Der Tag verspricht wieder genauso schön zu werden wie die vergangenen. Über den Passo di Raticosa geht es nun rasch hinunter über Pianoro in den Einzugsbereich von Bologna.

In Ozzano kaufen wir in einem nagelneuen Eurospar Markt kräftig ein, dann wird der Hobel  

aufgetankt und um 14:30 stehen wir dann am Parkplatz des Restaurants direkt am Po. Heute ist Ruhetag, aber wir wollen mal testen, ob Uschi was aufgeschnappt hat. Wenn dem so wäre, macht es auch keinen Sinn hier morgen ein Menü zu bestellen. Abwarten! Auf alle Fälle werden wir hier den Nachmittag verbringen und übernachten. Sehr schöne Abendstimmung am Po, Occhiobellos Kirche ist für den kleinen Ort sehr dominant, richtig urige Fischerhütte gleich neben unserem Stellplatz.

Dienstag 16.04.2024

Also bis jetzt ist alles in Ordnung, scheinbar ist noch nicht gespritzt. Wir gehen also um 12:30 ins Lokal zum Essen. Rein optisch sehen die Speisen wie vor 2 Jahren ganz gut aus, aber die Qualität hat doch leider sehr nachgelassen. Ja, so ist es häufig, wenn etwas zu gut geht und die 

Betreiber meinen es ist ein Selbstläufer. Also es ist unter dem Strich nicht schlecht, aber nochmal brauchen wir da nicht hin. Zum allem Überfluss ist anscheinend im Lokal selbst etwas, auf das Uschi reagiert. Also ist unser Aufbruch nach dem Essen etwas abrupt, aber zum Glück ist es nach

2 Stunden an der frischen Luft und im Hobel wieder einigermaßen vorbei. Gegen Nachmittag zieht ein richtig böiger Wind auf, es wird ganz bedeckt und sieht nach Regen aus.

Aber wir wollen uns nicht beschweren, in Anger regnet es bei 5-8°C und wir haben immerhin 23°C. Morgen werden wir Richtung Marano Lagunare fahren.

 

Mittwoch 17.04.2024

Oh, es hat kräftig abgekühlt. Wir haben morgens nur noch 8,5°C, aber dafür ist es meist sonnig und es dauert nicht lange bis wir zumindest bei 16°C sind.
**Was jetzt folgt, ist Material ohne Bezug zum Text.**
text \<open>Fix a centre \<open>a\<close> and a \<open>k\<close>-set \<open>S\<close>, and let \<open>T\<close> be the remaining \<open>m = n - k - 1\<close>
  vertices. Then \<open>(a, S)\<close> is a proper star separation iff no edge joins \<open>a\<close> to \<open>S\<close>, every
  \<open>v \<in> T\<close> is adjacent to \<open>a\<close> or has no neighbour in \<open>S\<close>, not every \<open>v \<in> T\<close> is adjacent
  to \<open>a\<close>, and not every \<open>v \<in> T\<close> avoids \<open>S\<close>. These conditions only inspect the pairwise
  disjoint edge sets joining \<open>a\<close> to \<open>S\<close> and each \<open>v\<close> to \<open>S \<union> {a}\<close>, so they are
  independent across \<open>v\<close>; inclusion-exclusion over the two negated conditions gives the probability
  \<open>(1-p)^k ((p + (1-p)^(k+1))^m - p^m - (1-p)^(km) + p^m (1-p)^(km))\<close> for each of the
  \<open>n (n-1 choose k)\<close> candidates. All computations are polynomial identities in \<open>p\<close>.\<close>

definition bernoulli_weight :: "real \<Rightarrow> 'a set \<Rightarrow> 'a set \<Rightarrow> real" where
  "bernoulli_weight p A X = (\<Prod>e\<in>A. if e \<in> X then p else 1 - p)"

definition bernoulli_expectation :: "real \<Rightarrow> 'a set \<Rightarrow> ('a set \<Rightarrow> real) \<Rightarrow> real" where
  "bernoulli_expectation p A f = (\<Sum>X\<in>Pow A. bernoulli_weight p A X * f X)"

lemma bernoulli_weight_Un:
  assumes "A \<inter> B = {}" "finite A" "finite B" "X \<subseteq> A" "Y \<subseteq> B"
  shows "bernoulli_weight p (A \<union> B) (X \<union> Y) = bernoulli_weight p A X * bernoulli_weight p B Y"
proof -
  have "bernoulli_weight p A X = (\<Prod>e\<in>A. if e \<in> X \<union> Y then p else 1 - p)"
    "bernoulli_weight p B Y = (\<Prod>e\<in>B. if e \<in> X \<union> Y then p else 1 - p)"
    unfolding bernoulli_weight_def using assms by (auto intro!: prod.cong)
  then show ?thesis
    unfolding bernoulli_weight_def using assms by (simp add: prod.union_disjoint)
qed

lemma bernoulli_weight_empty: "finite A \<Longrightarrow> bernoulli_weight p A {} = (1 - p) ^ card A"
  by (simp add: bernoulli_weight_def)

lemma bernoulli_expectation_Un:
  assumes "A \<inter> B = {}" "finite A" "finite B"
  shows "bernoulli_expectation p (A \<union> B) (\<lambda>X. f (X \<inter> A) * g (X \<inter> B)) =
    bernoulli_expectation p A f * bernoulli_expectation p B g"
proof -
  have split: "bij_betw (\<lambda>(X, Y). X \<union> Y) (Pow A \<times> Pow B) (Pow (A \<union> B))"
    by (rule bij_betw_byWitness[where f' = "\<lambda>E. (E \<inter> A, E \<inter> B)"]) (use assms in auto)
  have "bernoulli_expectation p A f * bernoulli_expectation p B g =
      (\<Sum>(X, Y)\<in>Pow A \<times> Pow B. bernoulli_weight p A X * f X * (bernoulli_weight p B Y * g Y))"
    unfolding bernoulli_expectation_def by (simp add: sum_product sum.cartesian_product)
  also have "\<dots> = (\<Sum>(X, Y)\<in>Pow A \<times> Pow B. bernoulli_weight p (A \<union> B) (X \<union> Y) *
                     (f ((X \<union> Y) \<inter> A) * g ((X \<union> Y) \<inter> B)))"
  proof (intro sum.cong refl, clarify)
    fix X Y assume "X \<subseteq> A" "Y \<subseteq> B"
    moreover from this have "(X \<union> Y) \<inter> A = X" "(X \<union> Y) \<inter> B = Y"
      using assms(1) by auto
    ultimately show "bernoulli_weight p A X * f X * (bernoulli_weight p B Y * g Y) =
        bernoulli_weight p (A \<union> B) (X \<union> Y) * (f ((X \<union> Y) \<inter> A) * g ((X \<union> Y) \<inter> B))"
      using bernoulli_weight_Un[OF assms] by simp
  qed
  also have "\<dots> = bernoulli_expectation p (A \<union> B) (\<lambda>X. f (X \<inter> A) * g (X \<inter> B))"
    unfolding bernoulli_expectation_def
    using sum.reindex_bij_betw[OF split] by (simp add: case_prod_unfold)
  finally show ?thesis ..
qed

lemma bernoulli_expectation_const:
  "finite A \<Longrightarrow> bernoulli_expectation p A (\<lambda>_. c) = c"
proof (induction A rule: finite_induct)
  case empty
  then show ?case by (simp add: bernoulli_expectation_def bernoulli_weight_def)
next
  case (insert e A)
  have "Pow {e} = {{}, {e}}" by auto
  then have one: "bernoulli_expectation p {e} (\<lambda>_. 1) = 1"
    by (simp add: bernoulli_expectation_def bernoulli_weight_def)
  have "bernoulli_expectation p ({e} \<union> A) (\<lambda>X. (\<lambda>_. 1) (X \<inter> {e}) * (\<lambda>_. c) (X \<inter> A)) =
      bernoulli_expectation p {e} (\<lambda>_. 1) * bernoulli_expectation p A (\<lambda>_. c)"
    by (rule bernoulli_expectation_Un) (use insert in auto)
  then show ?case using one insert.IH by simp
qed

lemma bernoulli_expectation_restrict:
  assumes "finite A" "B \<subseteq> A"
  shows "bernoulli_expectation p A (\<lambda>X. f (X \<inter> B)) = bernoulli_expectation p B f"
proof -
  have "bernoulli_expectation p (B \<union> (A - B)) (\<lambda>X. f (X \<inter> B) * (\<lambda>_. 1) (X \<inter> (A - B))) =
      bernoulli_expectation p B f * bernoulli_expectation p (A - B) (\<lambda>_. 1)"
    using assms by (intro bernoulli_expectation_Un) (auto intro: finite_subset)
  with assms show ?thesis
    by (simp add: bernoulli_expectation_const Un_absorb1)
qed

lemma bernoulli_expectation_add:
  "bernoulli_expectation p A (\<lambda>X. f X + g X) = bernoulli_expectation p A f + bernoulli_expectation p A g"
  by (simp add: bernoulli_expectation_def distrib_left sum.distrib)

lemma bernoulli_expectation_diff:
  "bernoulli_expectation p A (\<lambda>X. f X - g X) = bernoulli_expectation p A f - bernoulli_expectation p A g"
  by (simp add: bernoulli_expectation_def right_diff_distrib sum_subtractf)

lemma bernoulli_expectation_sum:
  "bernoulli_expectation p A (\<lambda>X. \<Sum>i\<in>I. f i X) = (\<Sum>i\<in>I. bernoulli_expectation p A (f i))"
  unfolding bernoulli_expectation_def by (simp add: sum_distrib_left sum.swap[of _ "Pow A"])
Für die Fahrt nach Marano Lagunare nehmen wir von Anfang an die Landstraße über Rovigo, an den Lagunen von Venedig vorbei nach S.Dona di Piave, San Michele und Latisana. Immer wieder Schilder, die erklären, warum es Uschi öfter nicht gut geht. Nicht vergessen, auch für alle die nicht allergisch reagieren sehr ungesund!!!

Etwas über 4 Stunden benötigen wir für die 202 km bis wir in Lagunare ankommen.

Da es kurz vor 13:00 Uhr ist, stellen wir den Hobel an dem von uns gewählten Übernachtungsplatz ab und gehen zum Essen in das kleine Lokal Al Mulo. Wie bisher jedes mal ganz hervorragend. Der nette, ursprüngliche Ort hat sich nicht zum Nachteil verändert. 

Obwohl es nun sehr gewittrig aussieht unternehmen wir noch einen Spaziergang zu der Lagune am Ortsende. In der Ferne donnert und blitzt es ab 16:00 Uhr.  Morgen wollen wir hier bleiben und ins nahe Vogelschutzgebiet gehen.